**TASK GOAL**
What lines of the data below include the word "then"? Report them by copying each.

Saved data entries
◆ ◆ ◆ ◆ ◆

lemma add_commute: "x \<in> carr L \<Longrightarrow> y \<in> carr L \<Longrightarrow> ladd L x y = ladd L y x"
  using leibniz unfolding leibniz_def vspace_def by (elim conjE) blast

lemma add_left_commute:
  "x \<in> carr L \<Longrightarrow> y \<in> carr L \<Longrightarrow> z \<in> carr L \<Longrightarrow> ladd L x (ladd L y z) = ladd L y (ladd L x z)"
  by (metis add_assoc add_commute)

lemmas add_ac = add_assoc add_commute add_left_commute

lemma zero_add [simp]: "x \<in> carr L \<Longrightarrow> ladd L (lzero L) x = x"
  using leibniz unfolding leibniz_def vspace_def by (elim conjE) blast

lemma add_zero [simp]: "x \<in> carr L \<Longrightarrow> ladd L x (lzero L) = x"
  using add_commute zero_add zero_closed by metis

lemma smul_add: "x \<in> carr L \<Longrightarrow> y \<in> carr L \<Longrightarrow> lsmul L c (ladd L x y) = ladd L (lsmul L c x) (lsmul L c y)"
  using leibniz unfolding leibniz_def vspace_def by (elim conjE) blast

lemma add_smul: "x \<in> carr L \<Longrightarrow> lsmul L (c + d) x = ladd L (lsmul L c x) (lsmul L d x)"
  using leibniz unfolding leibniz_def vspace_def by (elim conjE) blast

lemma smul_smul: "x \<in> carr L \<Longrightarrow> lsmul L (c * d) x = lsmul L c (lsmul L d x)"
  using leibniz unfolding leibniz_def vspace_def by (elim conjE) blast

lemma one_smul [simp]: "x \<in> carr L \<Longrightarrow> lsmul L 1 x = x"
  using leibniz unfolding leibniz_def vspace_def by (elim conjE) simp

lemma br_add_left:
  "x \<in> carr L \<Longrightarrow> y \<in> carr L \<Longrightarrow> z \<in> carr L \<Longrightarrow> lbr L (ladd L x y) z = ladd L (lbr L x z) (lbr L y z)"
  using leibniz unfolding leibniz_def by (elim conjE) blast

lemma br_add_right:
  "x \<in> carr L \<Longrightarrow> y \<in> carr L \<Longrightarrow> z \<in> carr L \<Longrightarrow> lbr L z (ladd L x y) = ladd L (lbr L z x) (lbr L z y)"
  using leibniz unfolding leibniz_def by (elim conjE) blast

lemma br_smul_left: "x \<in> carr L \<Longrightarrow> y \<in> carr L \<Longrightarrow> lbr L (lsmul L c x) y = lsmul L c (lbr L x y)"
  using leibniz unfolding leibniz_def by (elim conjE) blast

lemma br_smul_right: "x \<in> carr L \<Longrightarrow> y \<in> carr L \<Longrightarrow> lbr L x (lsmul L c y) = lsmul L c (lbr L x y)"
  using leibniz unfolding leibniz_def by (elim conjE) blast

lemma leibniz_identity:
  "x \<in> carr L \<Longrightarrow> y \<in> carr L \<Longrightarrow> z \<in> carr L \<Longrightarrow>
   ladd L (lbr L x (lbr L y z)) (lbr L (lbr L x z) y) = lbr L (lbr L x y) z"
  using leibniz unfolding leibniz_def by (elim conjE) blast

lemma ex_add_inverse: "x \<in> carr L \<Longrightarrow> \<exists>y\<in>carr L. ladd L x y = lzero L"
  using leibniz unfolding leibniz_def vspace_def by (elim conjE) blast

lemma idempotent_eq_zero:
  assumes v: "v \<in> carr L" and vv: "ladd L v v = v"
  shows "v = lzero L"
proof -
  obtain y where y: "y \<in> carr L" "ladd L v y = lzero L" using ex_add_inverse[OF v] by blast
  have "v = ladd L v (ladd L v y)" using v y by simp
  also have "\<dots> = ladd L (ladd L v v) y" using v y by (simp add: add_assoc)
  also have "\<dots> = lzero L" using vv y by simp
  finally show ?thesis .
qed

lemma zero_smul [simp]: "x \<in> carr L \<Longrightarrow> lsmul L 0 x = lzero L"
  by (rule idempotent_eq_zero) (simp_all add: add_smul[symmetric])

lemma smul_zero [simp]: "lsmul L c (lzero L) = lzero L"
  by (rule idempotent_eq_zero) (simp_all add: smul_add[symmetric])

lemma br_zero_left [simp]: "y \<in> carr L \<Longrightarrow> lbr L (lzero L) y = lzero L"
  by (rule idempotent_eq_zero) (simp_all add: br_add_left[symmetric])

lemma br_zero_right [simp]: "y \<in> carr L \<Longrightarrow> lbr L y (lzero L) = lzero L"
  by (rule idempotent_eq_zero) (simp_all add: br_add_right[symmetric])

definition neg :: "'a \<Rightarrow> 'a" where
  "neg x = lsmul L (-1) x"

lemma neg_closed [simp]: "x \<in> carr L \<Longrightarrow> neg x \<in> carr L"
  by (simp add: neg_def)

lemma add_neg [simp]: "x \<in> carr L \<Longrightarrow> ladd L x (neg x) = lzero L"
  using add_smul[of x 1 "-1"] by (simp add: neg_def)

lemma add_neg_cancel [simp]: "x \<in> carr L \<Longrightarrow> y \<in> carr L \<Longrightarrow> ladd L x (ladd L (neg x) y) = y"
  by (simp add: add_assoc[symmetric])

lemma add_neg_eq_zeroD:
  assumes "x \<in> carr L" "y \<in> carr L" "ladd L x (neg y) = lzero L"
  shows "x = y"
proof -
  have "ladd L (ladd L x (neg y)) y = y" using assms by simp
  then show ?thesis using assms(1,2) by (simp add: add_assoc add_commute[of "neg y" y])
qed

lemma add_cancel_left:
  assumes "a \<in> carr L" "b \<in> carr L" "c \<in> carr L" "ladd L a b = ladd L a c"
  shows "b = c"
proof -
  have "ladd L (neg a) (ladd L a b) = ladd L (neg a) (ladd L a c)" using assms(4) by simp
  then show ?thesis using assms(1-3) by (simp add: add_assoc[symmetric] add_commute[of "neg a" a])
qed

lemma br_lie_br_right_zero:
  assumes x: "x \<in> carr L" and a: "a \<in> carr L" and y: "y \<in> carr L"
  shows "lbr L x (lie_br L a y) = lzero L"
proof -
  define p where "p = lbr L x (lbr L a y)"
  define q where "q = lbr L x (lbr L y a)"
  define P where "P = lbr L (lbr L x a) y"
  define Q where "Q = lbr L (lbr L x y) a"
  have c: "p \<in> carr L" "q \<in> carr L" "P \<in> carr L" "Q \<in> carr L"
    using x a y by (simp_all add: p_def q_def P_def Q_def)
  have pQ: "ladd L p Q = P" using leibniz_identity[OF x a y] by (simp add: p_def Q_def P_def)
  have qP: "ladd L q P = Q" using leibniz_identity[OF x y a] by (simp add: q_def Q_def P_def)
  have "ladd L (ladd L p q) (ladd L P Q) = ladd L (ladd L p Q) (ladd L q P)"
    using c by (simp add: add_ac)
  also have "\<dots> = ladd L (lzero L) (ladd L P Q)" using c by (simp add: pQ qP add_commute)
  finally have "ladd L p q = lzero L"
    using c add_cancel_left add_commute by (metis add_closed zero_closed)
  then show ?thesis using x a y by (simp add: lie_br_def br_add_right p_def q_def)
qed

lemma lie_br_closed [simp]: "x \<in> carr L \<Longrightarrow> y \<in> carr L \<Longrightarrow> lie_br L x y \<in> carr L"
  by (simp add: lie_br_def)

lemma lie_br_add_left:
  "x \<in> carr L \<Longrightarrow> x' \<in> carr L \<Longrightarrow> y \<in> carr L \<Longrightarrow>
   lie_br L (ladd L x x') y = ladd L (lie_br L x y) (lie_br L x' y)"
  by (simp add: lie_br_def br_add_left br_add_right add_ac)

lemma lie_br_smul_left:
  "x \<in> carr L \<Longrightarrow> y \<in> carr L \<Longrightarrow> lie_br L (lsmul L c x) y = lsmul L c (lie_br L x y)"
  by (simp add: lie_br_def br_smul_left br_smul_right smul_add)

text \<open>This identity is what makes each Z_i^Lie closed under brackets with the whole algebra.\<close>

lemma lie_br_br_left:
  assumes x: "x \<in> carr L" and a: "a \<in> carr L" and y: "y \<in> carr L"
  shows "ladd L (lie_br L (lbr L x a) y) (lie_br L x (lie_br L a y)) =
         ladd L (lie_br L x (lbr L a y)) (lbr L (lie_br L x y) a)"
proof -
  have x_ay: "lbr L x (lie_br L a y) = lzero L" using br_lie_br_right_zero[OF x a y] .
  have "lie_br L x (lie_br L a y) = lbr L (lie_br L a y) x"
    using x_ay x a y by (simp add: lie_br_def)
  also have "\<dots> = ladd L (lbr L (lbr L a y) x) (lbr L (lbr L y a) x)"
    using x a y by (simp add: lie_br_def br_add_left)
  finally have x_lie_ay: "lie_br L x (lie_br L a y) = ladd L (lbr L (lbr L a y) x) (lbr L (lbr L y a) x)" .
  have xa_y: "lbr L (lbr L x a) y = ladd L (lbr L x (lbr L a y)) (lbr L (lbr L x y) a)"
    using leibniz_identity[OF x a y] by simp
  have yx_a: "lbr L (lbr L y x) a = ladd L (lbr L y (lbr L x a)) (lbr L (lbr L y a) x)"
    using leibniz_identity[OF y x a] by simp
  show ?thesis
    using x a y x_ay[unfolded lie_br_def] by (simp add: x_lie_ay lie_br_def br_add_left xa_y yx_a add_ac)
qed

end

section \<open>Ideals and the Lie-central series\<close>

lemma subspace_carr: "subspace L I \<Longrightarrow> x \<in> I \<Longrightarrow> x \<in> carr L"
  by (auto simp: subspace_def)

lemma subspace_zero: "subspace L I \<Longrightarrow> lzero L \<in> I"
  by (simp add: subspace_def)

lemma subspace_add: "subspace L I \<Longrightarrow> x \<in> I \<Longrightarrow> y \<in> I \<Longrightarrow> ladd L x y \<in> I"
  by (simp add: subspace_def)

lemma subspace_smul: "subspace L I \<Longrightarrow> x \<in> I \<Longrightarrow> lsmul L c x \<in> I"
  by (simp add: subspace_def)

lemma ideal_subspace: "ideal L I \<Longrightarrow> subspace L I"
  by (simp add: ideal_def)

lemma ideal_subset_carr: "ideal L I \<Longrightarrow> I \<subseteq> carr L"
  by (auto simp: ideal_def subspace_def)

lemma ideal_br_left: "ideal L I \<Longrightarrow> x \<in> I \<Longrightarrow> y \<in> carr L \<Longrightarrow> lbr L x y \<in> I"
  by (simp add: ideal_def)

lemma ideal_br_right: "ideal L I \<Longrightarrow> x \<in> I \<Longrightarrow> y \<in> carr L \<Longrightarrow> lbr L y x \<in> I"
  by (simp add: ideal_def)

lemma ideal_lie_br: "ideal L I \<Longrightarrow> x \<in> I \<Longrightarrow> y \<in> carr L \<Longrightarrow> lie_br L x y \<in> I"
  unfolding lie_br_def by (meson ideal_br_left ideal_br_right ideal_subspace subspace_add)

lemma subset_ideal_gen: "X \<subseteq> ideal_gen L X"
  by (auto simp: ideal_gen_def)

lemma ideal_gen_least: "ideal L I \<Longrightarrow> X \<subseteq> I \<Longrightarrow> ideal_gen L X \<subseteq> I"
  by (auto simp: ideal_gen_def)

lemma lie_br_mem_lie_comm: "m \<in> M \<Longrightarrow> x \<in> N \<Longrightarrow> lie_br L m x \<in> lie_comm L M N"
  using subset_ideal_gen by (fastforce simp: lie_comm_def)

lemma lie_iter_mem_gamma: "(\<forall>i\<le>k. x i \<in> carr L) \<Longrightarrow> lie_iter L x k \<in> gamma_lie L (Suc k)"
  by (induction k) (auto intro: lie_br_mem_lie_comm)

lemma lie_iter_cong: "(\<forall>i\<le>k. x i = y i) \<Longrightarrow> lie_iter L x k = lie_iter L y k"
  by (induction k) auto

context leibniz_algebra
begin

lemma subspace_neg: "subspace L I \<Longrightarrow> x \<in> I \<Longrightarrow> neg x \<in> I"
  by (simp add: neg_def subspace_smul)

◆ ◆ ◆ ◆ ◆

**FINISHED TASK**
  then show ?thesis using assms(1,2) by (simp add: add_assoc add_commute[of "neg y" y])
  then show ?thesis using assms(1-3) by (simp add: add_assoc[symmetric] add_commute[of "neg a" a])
  then show ?thesis using x a y by (simp add: lie_br_def br_add_right p_def q_def)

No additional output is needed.